• Hurricane Tammy - Worrisome

    From 56d.1152@21:1/5 to All on Sat Oct 28 01:42:02 2023
    XPost: talk.politics.misc, alt.survival, alt.science

    https://www.tropicaltidbits.com/storminfo/#20L

    The hurricane models CANNOT get a grip on this
    thing. It's kinda stuck in an eddy caused by
    the start-up of the winter cold fronts.

    Yesterday they had it moving close to Bermuda
    before doing a loop-de-loop out to the north.

    Today they have it going well SOUTH before
    doing the loop-de-loop ... and a few of
    the prediction tracks head straight for
    the US mainland, some as far south as Miami.

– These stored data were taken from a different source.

(* Let $M$ be a strong module of a dually-CPT poset $\mathbf{P}=(X,P)$ and let $\{W_x\}_{x\in X}$ be a CPT representation of $\mathbf{P}$ on a host tree $T$ in which all the paths $W_m$, $m\in M$, arrive at (have an endpoint at) a common vertex $a$ of $T$. If no element of $\mathbf{P}$ is greater than all elements of $M$, then there exists a CPT representation of $\mathbf{P}$ in which the paths representing the elements of $M$ all have different endpoints.
   Context: A CPT representation of $\mathbf{P}$ assigns to each $x\in X$ a path $W_x$ of a host tree $T$ with $x<y$ iff $W_x\subsetneq W_y$; $\mathbf{P}$ is dually-CPT if $\mathbf{P}$ and its dual both have such representations. A module is a set $M\subseteq X$ such that each $y\notin M$ is comparable to all or none of the elements of $M$; it is strong if for every module $M'$, $M\cap M'=\emptyset$, $M\subseteq M'$ or $M'\subseteq M$. *)

theory Defs
  imports Main
begin

definition poset :: "'a set \<Rightarrow> ('a \<Rightarrow> 'a \<Rightarrow> bool) \<Rightarrow> bool" where
  "poset X lt \<longleftrightarrow> finite X \<and> (\<forall>x\<in>X. \<not> lt x x)
     \<and> (\<forall>x\<in>X. \<forall>y\<in>X. \<forall>z\<in>X. lt x y \<and> lt y z \<longrightarrow> lt x z)"

definition comparable :: "('a \<Rightarrow> 'a \<Rightarrow> bool) \<Rightarrow> 'a \<Rightarrow> 'a \<Rightarrow> bool" where
  "comparable lt x y \<longleftrightarrow> lt x y \<or> lt y x"

definition is_path :: "('v \<Rightarrow> 'v \<Rightarrow> bool) \<Rightarrow> 'v list \<Rightarrow> bool" where
  "is_path E xs \<longleftrightarrow> xs \<noteq> [] \<and> distinct xs \<and> (\<forall>i. Suc i < length xs \<longrightarrow> E (xs ! i) (xs ! Suc i))"

definition tree :: "'v set \<Rightarrow> ('v \<Rightarrow> 'v \<Rightarrow> bool) \<Rightarrow> bool" where
  "tree V E \<longleftrightarrow> finite V \<and> V \<noteq> {}
     \<and> (\<forall>u v. E u v \<longrightarrow> u \<in> V \<and> v \<in> V)
     \<and> (\<forall>u v. E u v \<longrightarrow> E v u) \<and> (\<forall>u. \<not> E u u)
     \<and> (\<forall>u\<in>V. \<forall>v\<in>V. \<exists>!xs. is_path E xs \<and> hd xs = u \<and> last xs = v)"

definition tree_path :: "'v set \<Rightarrow> ('v \<Rightarrow> 'v \<Rightarrow> bool) \<Rightarrow> 'v set \<Rightarrow> bool" where
  "tree_path V E W \<longleftrightarrow> (\<exists>xs. is_path E xs \<and> set xs \<subseteq> V \<and> set xs = W)"

definition endpoint :: "('v \<Rightarrow> 'v \<Rightarrow> bool) \<Rightarrow> 'v \<Rightarrow> 'v set \<Rightarrow> bool" where
  "endpoint E v W \<longleftrightarrow> (\<exists>xs. is_path E xs \<and> set xs = W \<and> (v = hd xs \<or> v = last xs))"

definition cpt_rep :: "'a set \<Rightarrow> ('a \<Rightarrow> 'a \<Rightarrow> bool) \<Rightarrow> 'v set \<Rightarrow> ('v \<Rightarrow> 'v \<Rightarrow> bool) \<Rightarrow> ('a \<Rightarrow> 'v set) \<Rightarrow> bool" where
  "cpt_rep X lt V E W \<longleftrightarrow> tree V E \<and> (\<forall>x\<in>X. tree_path V E (W x))
     \<and> (\<forall>x\<in>X. \<forall>y\<in>X. lt x y \<longleftrightarrow> W x \<subset> W y)"

text \<open>Host trees are finite, so WLOG their vertices are natural numbers.\<close>
definition is_CPT :: "'a set \<Rightarrow> ('a \<Rightarrow> 'a \<Rightarrow> bool) \<Rightarrow> bool" where
  "is_CPT X lt \<longleftrightarrow> (\<exists>(V :: nat set) E W. cpt_rep X lt V E W)"

definition dually_CPT :: "'a set \<Rightarrow> ('a \<Rightarrow> 'a \<Rightarrow> bool) \<Rightarrow> bool" where
  "dually_CPT X lt \<longleftrightarrow> is_CPT X lt \<and> is_CPT X (\<lambda>x y. lt y x)"

definition module :: "'a set \<Rightarrow> ('a \<Rightarrow> 'a \<Rightarrow> bool) \<Rightarrow> 'a set \<Rightarrow> bool" where
  "module X lt M \<longleftrightarrow> M \<subseteq> X \<and>
     (\<forall>y\<in>X - M. (\<forall>m\<in>M. comparable lt y m) \<or> (\<forall>m\<in>M. \<not> comparable lt y m))"

definition strong_module :: "'a set \<Rightarrow> ('a \<Rightarrow> 'a \<Rightarrow> bool) \<Rightarrow> 'a set \<Rightarrow> bool" where
  "strong_module X lt M \<longleftrightarrow> module X lt M \<and>
     (\<forall>M'. module X lt M' \<longrightarrow> M \<inter> M' = {} \<or> M \<subseteq> M' \<or> M' \<subseteq> M)"

end

theory Submission
  imports Defs "HOL-Library.Sublist" "HOL-Library.List_Lexorder" "HOL-Library.Product_Lexorder"
begin

text \<open>All paths W m, m \<in> M, leave the common vertex a, so inclusion between them is the prefix
  order of their vertex lists read from a. This order has dimension two: comparing the lists
  lexicographically for a labelling of the vertices and for its reverse gives ranks l m and r m
  with m < m' iff l m < l m' and r m < r m'. Since M is a strong module without a common upper
  bound, nothing outside M lies above an element of M, and an element lies below M exactly when
  its path lies in the intersection C of the paths W m, which is again a path from a. Hang a new
  path of length |M| at each end of C and let the path of m run from depth l m on the first one
  through C to depth r m on the second: all relations are kept, and distinct elements of M now
  have distinct endpoints.\<close>

section \<open>Paths and trees\<close>

lemma is_path_singleton [simp]: "is_path E [x]"
  by (simp add: is_path_def)

lemma is_path_Cons_Cons:
  "is_path E (x # y # xs) \<longleftrightarrow> E x y \<and> x \<notin> set (y # xs) \<and> is_path E (y # xs)"
  unfolding is_path_def by (auto simp: nth_Cons split: nat.splits)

    They've been predicting weakening for a LONG
    time now, but yesterday it was a strong cat-1.
    Today a TS, but if it moves south again ....

    This reminds of hurricane Jeanne ... it LOOKED
    like it was headed towards oblivion but did a
    loop-de-loop and crashed into central Florida
    as a cat-3 - impact literally within like a
    mile of where cat-2+ Frances had hit barely
    two weeks before.

    I was THERE. Like Frances it became a very
    slow moving storm as it approached the coast,
    the eye-wall expanding to maybe 40 miles
    wide. Because of the slowness/direction, I
    was in the eye-wall for like 12 HOURS. It
    shook everything apart. The surviving radio
    stations did nothing but shout out warnings
    about the latest tornadoes ... all night long.
    Spent that night in a hallway, with as many
    walls between me and the outside as possible.
    Ah, that SOUND ... a hundred screaming banchees.

    Power and everything else was GONE for about
    2-3 WEEKS. The cell towers died - leaving
    the kiddies in a sort of media-minus coma.
    Other states sent tons of utility workers,
    but the damage was basically complete -they
    had to rebuild everything from scratch.

    While those with metal roofs did kinda ok,
    most everyone with shingle/tar roofs lost
    EVERYTHING. All the residential streets were
    six to eight FEET high with the entire contents
    of houses ... furnishings, appliances, carpets,
    often even dry-wall. Power/phone/net lines
    were just a destroyed tangle, trees near the
    water lines pulled THEM up - even the big
    poles were often snapped in half and fell onto
    the streets, or houses.

    There were no leaves left on the trees,
    except some local cedars - where only
    ONE row of twigs remained on the NW side.

    It was just WEIRD, SURREAL. Cat-3 doesn't sound
    like the worst, but let it PERSIST for 12+
    hours and ......

    On Ft. Pierce beach I saw a 4-floor condo,
    not that old, where all the stucco exterior
    had been peeled off - and made cannon-ball
    craters in everything downwind.

    Google-Earth has 'historical' photos ... try
    those, and view the SEA of "blue roofs".

    THIS is why loop-de-loop storms worry me.